◆ The problem:
Retype the whole listing below precisely.

◆ Input:
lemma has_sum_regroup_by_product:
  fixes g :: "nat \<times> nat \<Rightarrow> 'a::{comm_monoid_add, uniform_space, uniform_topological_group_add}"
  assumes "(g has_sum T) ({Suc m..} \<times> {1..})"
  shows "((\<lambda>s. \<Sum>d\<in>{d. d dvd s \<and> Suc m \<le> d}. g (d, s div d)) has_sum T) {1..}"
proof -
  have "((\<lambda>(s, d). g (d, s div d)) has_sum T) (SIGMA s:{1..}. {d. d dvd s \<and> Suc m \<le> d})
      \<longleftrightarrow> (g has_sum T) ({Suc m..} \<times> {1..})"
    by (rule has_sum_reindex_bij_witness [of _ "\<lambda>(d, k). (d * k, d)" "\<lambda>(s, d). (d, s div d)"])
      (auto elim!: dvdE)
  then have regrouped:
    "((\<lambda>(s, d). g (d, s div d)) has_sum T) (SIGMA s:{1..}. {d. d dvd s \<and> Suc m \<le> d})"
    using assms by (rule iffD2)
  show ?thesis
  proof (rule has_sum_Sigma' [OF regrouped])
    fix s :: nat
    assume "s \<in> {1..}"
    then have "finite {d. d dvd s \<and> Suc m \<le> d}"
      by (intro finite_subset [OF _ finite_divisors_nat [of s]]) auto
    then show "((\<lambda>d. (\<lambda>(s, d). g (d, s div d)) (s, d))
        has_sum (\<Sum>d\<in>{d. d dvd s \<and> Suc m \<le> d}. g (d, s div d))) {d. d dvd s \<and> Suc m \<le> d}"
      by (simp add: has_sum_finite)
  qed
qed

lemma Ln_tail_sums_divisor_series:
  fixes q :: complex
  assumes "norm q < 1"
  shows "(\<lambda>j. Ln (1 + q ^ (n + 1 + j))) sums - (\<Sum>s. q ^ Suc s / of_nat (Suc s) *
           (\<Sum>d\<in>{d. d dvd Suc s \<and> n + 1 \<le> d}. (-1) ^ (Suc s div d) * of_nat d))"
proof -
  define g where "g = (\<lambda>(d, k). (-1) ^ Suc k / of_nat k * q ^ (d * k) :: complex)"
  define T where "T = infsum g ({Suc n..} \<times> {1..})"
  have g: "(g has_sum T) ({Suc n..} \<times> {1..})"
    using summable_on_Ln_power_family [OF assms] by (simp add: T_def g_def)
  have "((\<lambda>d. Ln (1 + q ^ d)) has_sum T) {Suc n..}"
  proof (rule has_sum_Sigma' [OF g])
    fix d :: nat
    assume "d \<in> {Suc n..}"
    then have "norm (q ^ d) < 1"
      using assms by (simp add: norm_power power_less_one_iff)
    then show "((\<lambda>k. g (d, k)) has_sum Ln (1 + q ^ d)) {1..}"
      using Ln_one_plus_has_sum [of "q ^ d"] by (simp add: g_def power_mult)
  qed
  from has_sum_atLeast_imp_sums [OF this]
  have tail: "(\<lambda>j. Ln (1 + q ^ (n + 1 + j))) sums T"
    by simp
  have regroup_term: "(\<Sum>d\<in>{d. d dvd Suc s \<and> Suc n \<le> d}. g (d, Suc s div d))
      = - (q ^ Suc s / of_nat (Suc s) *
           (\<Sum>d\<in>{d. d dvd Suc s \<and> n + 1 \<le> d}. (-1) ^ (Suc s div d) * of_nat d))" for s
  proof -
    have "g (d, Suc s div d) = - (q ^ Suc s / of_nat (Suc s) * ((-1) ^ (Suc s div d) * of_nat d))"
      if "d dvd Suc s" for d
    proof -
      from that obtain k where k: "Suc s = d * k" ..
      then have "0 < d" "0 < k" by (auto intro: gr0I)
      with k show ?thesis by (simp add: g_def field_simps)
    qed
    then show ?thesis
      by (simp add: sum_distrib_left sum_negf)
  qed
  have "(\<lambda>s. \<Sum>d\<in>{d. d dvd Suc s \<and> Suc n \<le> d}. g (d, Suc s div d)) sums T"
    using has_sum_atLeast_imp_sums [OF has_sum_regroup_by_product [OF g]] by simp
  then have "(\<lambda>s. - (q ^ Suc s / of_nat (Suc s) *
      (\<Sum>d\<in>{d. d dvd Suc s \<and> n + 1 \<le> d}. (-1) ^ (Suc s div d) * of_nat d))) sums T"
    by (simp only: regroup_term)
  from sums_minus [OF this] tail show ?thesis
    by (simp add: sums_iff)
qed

◆ Response to the task:
lemma has_sum_regroup_by_product:
  fixes g :: "nat \<times> nat \<Rightarrow> 'a::{comm_monoid_add, uniform_space, uniform_topological_group_add}"
  assumes "(g has_sum T) ({Suc m..} \<times> {1..})"
  shows "((\<lambda>s. \<Sum>d\<in>{d. d dvd s \<and> Suc m \<le> d}. g (d, s div d)) has_sum T) {1..}"
proof -
  have "((\<lambda>(s, d). g (d, s div d)) has_sum T) (SIGMA s:{1..}. {d. d dvd s \<and> Suc m \<le> d})
      \<longleftrightarrow> (g has_sum T) ({Suc m..} \<times> {1..})"
    by (rule has_sum_reindex_bij_witness [of _ "\<lambda>(d, k). (d * k, d)" "\<lambda>(s, d). (d, s div d)"])
      (auto elim!: dvdE)
  then have regrouped:
    "((\<lambda>(s, d). g (d, s div d)) has_sum T) (SIGMA s:{1..}. {d. d dvd s \<and> Suc m \<le> d})"
    using assms by (rule iffD2)
  show ?thesis
  proof (rule has_sum_Sigma' [OF regrouped])
    fix s :: nat
    assume "s \<in> {1..}"
    then have "finite {d. d dvd s \<and> Suc m \<le> d}"
      by (intro finite_subset [OF _ finite_divisors_nat [of s]]) auto
    then show "((\<lambda>d. (\<lambda>(s, d). g (d, s div d)) (s, d))
        has_sum (\<Sum>d\<in>{d. d dvd s \<and> Suc m \<le> d}. g (d, s div d))) {d. d dvd s \<and> Suc m \<le> d}"
      by (simp add: has_sum_finite)
  qed
qed

lemma Ln_tail_sums_divisor_series:
  fixes q :: complex
  assumes "norm q < 1"
  shows "(\<lambda>j. Ln (1 + q ^ (n + 1 + j))) sums - (\<Sum>s. q ^ Suc s / of_nat (Suc s) *
           (\<Sum>d\<in>{d. d dvd Suc s \<and> n + 1 \<le> d}. (-1) ^ (Suc s div d) * of_nat d))"
proof -
  define g where "g = (\<lambda>(d, k). (-1) ^ Suc k / of_nat k * q ^ (d * k) :: complex)"
  define T where "T = infsum g ({Suc n..} \<times> {1..})"
  have g: "(g has_sum T) ({Suc n..} \<times> {1..})"
    using summable_on_Ln_power_family [OF assms] by (simp add: T_def g_def)
  have "((\<lambda>d. Ln (1 + q ^ d)) has_sum T) {Suc n..}"
  proof (rule has_sum_Sigma' [OF g])
    fix d :: nat
    assume "d \<in> {Suc n..}"
    then have "norm (q ^ d) < 1"
      using assms by (simp add: norm_power power_less_one_iff)
    then show "((\<lambda>k. g (d, k)) has_sum Ln (1 + q ^ d)) {1..}"
      using Ln_one_plus_has_sum [of "q ^ d"] by (simp add: g_def power_mult)
  qed
  from has_sum_atLeast_imp_sums [OF this]
  have tail: "(\<lambda>j. Ln (1 + q ^ (n + 1 + j))) sums T"
    by simp
  have regroup_term: "(\<Sum>d\<in>{d. d dvd Suc s \<and> Suc n \<le> d}. g (d, Suc s div d))
      = - (q ^ Suc s / of_nat (Suc s) *
           (\<Sum>d\<in>{d. d dvd Suc s \<and> n + 1 \<le> d}. (-1) ^ (Suc s div d) * of_nat d))" for s
  proof -
    have "g (d, Suc s div d) = - (q ^ Suc s / of_nat (Suc s) * ((-1) ^ (Suc s div d) * of_nat d))"
      if "d dvd Suc s" for d
    proof -
      from that obtain k where k: "Suc s = d * k" ..
      then have "0 < d" "0 < k" by (auto intro: gr0I)
      with k show ?thesis by (simp add: g_def field_simps)
    qed
    then show ?thesis
      by (simp add: sum_distrib_left sum_negf)
  qed
  have "(\<lambda>s. \<Sum>d\<in>{d. d dvd Suc s \<and> Suc n \<le> d}. g (d, Suc s div d)) sums T"
    using has_sum_atLeast_imp_sums [OF has_sum_regroup_by_product [OF g]] by simp
  then have "(\<lambda>s. - (q ^ Suc s / of_nat (Suc s) *
      (\<Sum>d\<in>{d. d dvd Suc s \<and> n + 1 \<le> d}. (-1) ^ (Suc s div d) * of_nat d))) sums T"
    by (simp only: regroup_term)
  from sums_minus [OF this] tail show ?thesis
    by (simp add: sums_iff)
qed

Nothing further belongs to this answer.